Items listed in a dataset
========
lemma bij_betw_subsets_permutations_injections:
  "bij_betw (\<lambda>(I, \<pi>) i. if i < b then sorted_list_of_set I ! \<pi> i else i)
     (SIGMA I:{I. I \<subseteq> {..<N} \<and> card I = b}. {\<pi>. \<pi> permutes {..<b}})
     {f. ((\<forall>i<b. f i < N) \<and> (\<forall>i\<ge>b. f i = i)) \<and> inj_on f {..<b}}"
    (is "bij_betw ?h ?D ?Inj")
proof (rule bij_betw_imageI)
  have bij: "bij_betw ((!) (sorted_list_of_set I)) {..<b} I" if "I \<subseteq> {..<N}" "card I = b" for I
    using that finite_subset by (blast intro: bij_betw_sorted_list_of_set_nth)
  have perm_lt: "\<pi> i < b" if "\<pi> permutes {..<b}" "i < b" for \<pi> i
    using that permutes_in_image by fastforce
  show "inj_on ?h ?D"
  proof (rule inj_onI)
    fix p q assume "p \<in> ?D" "q \<in> ?D" and eq: "?h p = ?h q"
    then obtain I \<pi> I' \<pi>' where pq: "p = (I, \<pi>)" "q = (I', \<pi>')"
      and I: "I \<subseteq> {..<N}" "card I = b" and perm: "\<pi> permutes {..<b}"
      and I': "I' \<subseteq> {..<N}" "card I' = b" and perm': "\<pi>' permutes {..<b}" by auto
    have image: "?h (J, \<sigma>) ` {..<b} = J" if "J \<subseteq> {..<N}" "card J = b" "\<sigma> permutes {..<b}" for J \<sigma>
    proof -
      have "?h (J, \<sigma>) ` {..<b} = (!) (sorted_list_of_set J) ` \<sigma> ` {..<b}" by (auto simp: image_iff)
      also have "\<dots> = J"
        using permutes_image[OF that(3)] bij[OF that(1,2)] by (simp add: bij_betw_def)
      finally show ?thesis .
    qed
    have "I = I'" using image[OF I perm] image[OF I' perm'] eq unfolding pq by metis
    moreover have "\<pi> i = \<pi>' i" for i
    proof (cases "i < b")
      case True
      hence "sorted_list_of_set I ! \<pi> i = sorted_list_of_set I ! \<pi>' i"
        using fun_cong[OF eq, of i] \<open>I = I'\<close> pq by simp
      thus ?thesis
        using bij[OF I] perm_lt[OF perm True] perm_lt[OF perm' True] by (auto simp: bij_betw_def inj_on_def)
    next
      case False
      thus ?thesis using perm perm' unfolding permutes_def by auto
    qed
    ultimately show "p = q" using pq by auto
  qed
  show "?h ` ?D = ?Inj"
  proof
    show "?h ` ?D \<subseteq> ?Inj"
    proof
      fix f assume "f \<in> ?h ` ?D"
      then obtain I \<pi> where f: "f = ?h (I, \<pi>)"
        and I: "I \<subseteq> {..<N}" "card I = b" and perm: "\<pi> permutes {..<b}" by auto
      note bj = bij[OF I]
      have "f i < N" if "i < b" for i
        using that bj perm_lt[OF perm] I by (auto simp: f bij_betw_def)
      moreover have "inj_on f {..<b}"
      proof (rule inj_onI)
        fix i j assume "i \<in> {..<b}" "j \<in> {..<b}" "f i = f j"
        hence "\<pi> i = \<pi> j" using bj perm_lt[OF perm] by (auto simp: f bij_betw_def inj_on_def)
        thus "i = j" using perm by (metis permutes_def)
      qed
      ultimately show "f \<in> ?Inj" by (simp add: f)
    qed
    show "?Inj \<subseteq> ?h ` ?D"
    proof
      fix f assume f: "f \<in> ?Inj"
      define I where "I = f ` {..<b}"
      have inj: "inj_on f {..<b}" using f by simp
      have I: "I \<subseteq> {..<N}" "card I = b" using f inj by (auto simp: I_def card_image)
      note bj = bij[OF I]
      define \<pi> where "\<pi> = (\<lambda>i. if i < b then inv_into {..<b} ((!) (sorted_list_of_set I)) (f i) else i)"
      have "bij_betw (inv_into {..<b} ((!) (sorted_list_of_set I)) \<circ> f) {..<b} {..<b}"
        using inj by (intro bij_betw_trans[OF _ bij_betw_inv_into[OF bj]]) (simp add: I_def bij_betw_def)
      hence "bij_betw \<pi> {..<b} {..<b}"
        by (rule bij_betw_cong[THEN iffD1, rotated]) (simp add: \<pi>_def)
      hence p: "\<pi> permutes {..<b}" by (rule bij_imp_permutes) (simp add: \<pi>_def)
      have "?h (I, \<pi>) = f"
      proof
        fix i show "?h (I, \<pi>) i = f i"
        proof (cases "i < b")
          case True
          hence "f i \<in> (!) (sorted_list_of_set I) ` {..<b}" using bj by (auto simp: bij_betw_def I_def)
          thus ?thesis using True by (simp add: \<pi>_def f_inv_into_f)
        qed (use f in \<open>simp add: \<pi>_def\<close>)
      qed
      moreover have "(I, \<pi>) \<in> ?D" using I p by auto
      ultimately show "f \<in> ?h ` ?D" by force
    qed
  qed
qed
========
What you need to do — Return the records above in their entirety, exactly as they appear.

Output for this task —
lemma bij_betw_subsets_permutations_injections:
  "bij_betw (\<lambda>(I, \<pi>) i. if i < b then sorted_list_of_set I ! \<pi> i else i)
     (SIGMA I:{I. I \<subseteq> {..<N} \<and> card I = b}. {\<pi>. \<pi> permutes {..<b}})
     {f. ((\<forall>i<b. f i < N) \<and> (\<forall>i\<ge>b. f i = i)) \<and> inj_on f {..<b}}"
    (is "bij_betw ?h ?D ?Inj")
proof (rule bij_betw_imageI)
  have bij: "bij_betw ((!) (sorted_list_of_set I)) {..<b} I" if "I \<subseteq> {..<N}" "card I = b" for I
    using that finite_subset by (blast intro: bij_betw_sorted_list_of_set_nth)
  have perm_lt: "\<pi> i < b" if "\<pi> permutes {..<b}" "i < b" for \<pi> i
    using that permutes_in_image by fastforce
  show "inj_on ?h ?D"
  proof (rule inj_onI)
    fix p q assume "p \<in> ?D" "q \<in> ?D" and eq: "?h p = ?h q"
    then obtain I \<pi> I' \<pi>' where pq: "p = (I, \<pi>)" "q = (I', \<pi>')"
      and I: "I \<subseteq> {..<N}" "card I = b" and perm: "\<pi> permutes {..<b}"
      and I': "I' \<subseteq> {..<N}" "card I' = b" and perm': "\<pi>' permutes {..<b}" by auto
    have image: "?h (J, \<sigma>) ` {..<b} = J" if "J \<subseteq> {..<N}" "card J = b" "\<sigma> permutes {..<b}" for J \<sigma>
    proof -
      have "?h (J, \<sigma>) ` {..<b} = (!) (sorted_list_of_set J) ` \<sigma> ` {..<b}" by (auto simp: image_iff)
      also have "\<dots> = J"
        using permutes_image[OF that(3)] bij[OF that(1,2)] by (simp add: bij_betw_def)
      finally show ?thesis .
    qed
    have "I = I'" using image[OF I perm] image[OF I' perm'] eq unfolding pq by metis
    moreover have "\<pi> i = \<pi>' i" for i
    proof (cases "i < b")
      case True
      hence "sorted_list_of_set I ! \<pi> i = sorted_list_of_set I ! \<pi>' i"
        using fun_cong[OF eq, of i] \<open>I = I'\<close> pq by simp
      thus ?thesis
        using bij[OF I] perm_lt[OF perm True] perm_lt[OF perm' True] by (auto simp: bij_betw_def inj_on_def)
    next
      case False
      thus ?thesis using perm perm' unfolding permutes_def by auto
    qed
    ultimately show "p = q" using pq by auto
  qed
  show "?h ` ?D = ?Inj"
  proof
    show "?h ` ?D \<subseteq> ?Inj"
    proof
      fix f assume "f \<in> ?h ` ?D"
      then obtain I \<pi> where f: "f = ?h (I, \<pi>)"
        and I: "I \<subseteq> {..<N}" "card I = b" and perm: "\<pi> permutes {..<b}" by auto
      note bj = bij[OF I]
      have "f i < N" if "i < b" for i
        using that bj perm_lt[OF perm] I by (auto simp: f bij_betw_def)
      moreover have "inj_on f {..<b}"
      proof (rule inj_onI)
        fix i j assume "i \<in> {..<b}" "j \<in> {..<b}" "f i = f j"
        hence "\<pi> i = \<pi> j" using bj perm_lt[OF perm] by (auto simp: f bij_betw_def inj_on_def)
        thus "i = j" using perm by (metis permutes_def)
      qed
      ultimately show "f \<in> ?Inj" by (simp add: f)
    qed
    show "?Inj \<subseteq> ?h ` ?D"
    proof
      fix f assume f: "f \<in> ?Inj"
      define I where "I = f ` {..<b}"
      have inj: "inj_on f {..<b}" using f by simp
      have I: "I \<subseteq> {..<N}" "card I = b" using f inj by (auto simp: I_def card_image)
      note bj = bij[OF I]
      define \<pi> where "\<pi> = (\<lambda>i. if i < b then inv_into {..<b} ((!) (sorted_list_of_set I)) (f i) else i)"
      have "bij_betw (inv_into {..<b} ((!) (sorted_list_of_set I)) \<circ> f) {..<b} {..<b}"
        using inj by (intro bij_betw_trans[OF _ bij_betw_inv_into[OF bj]]) (simp add: I_def bij_betw_def)
      hence "bij_betw \<pi> {..<b} {..<b}"
        by (rule bij_betw_cong[THEN iffD1, rotated]) (simp add: \<pi>_def)
      hence p: "\<pi> permutes {..<b}" by (rule bij_imp_permutes) (simp add: \<pi>_def)
      have "?h (I, \<pi>) = f"
      proof
        fix i show "?h (I, \<pi>) i = f i"
        proof (cases "i < b")
          case True
          hence "f i \<in> (!) (sorted_list_of_set I) ` {..<b}" using bj by (auto simp: bij_betw_def I_def)
          thus ?thesis using True by (simp add: \<pi>_def f_inv_into_f)
        qed (use f in \<open>simp add: \<pi>_def\<close>)
      qed
      moreover have "(I, \<pi>) \<in> ?D" using I p by auto
      ultimately show "f \<in> ?h ` ?D" by force
    qed
  qed
qed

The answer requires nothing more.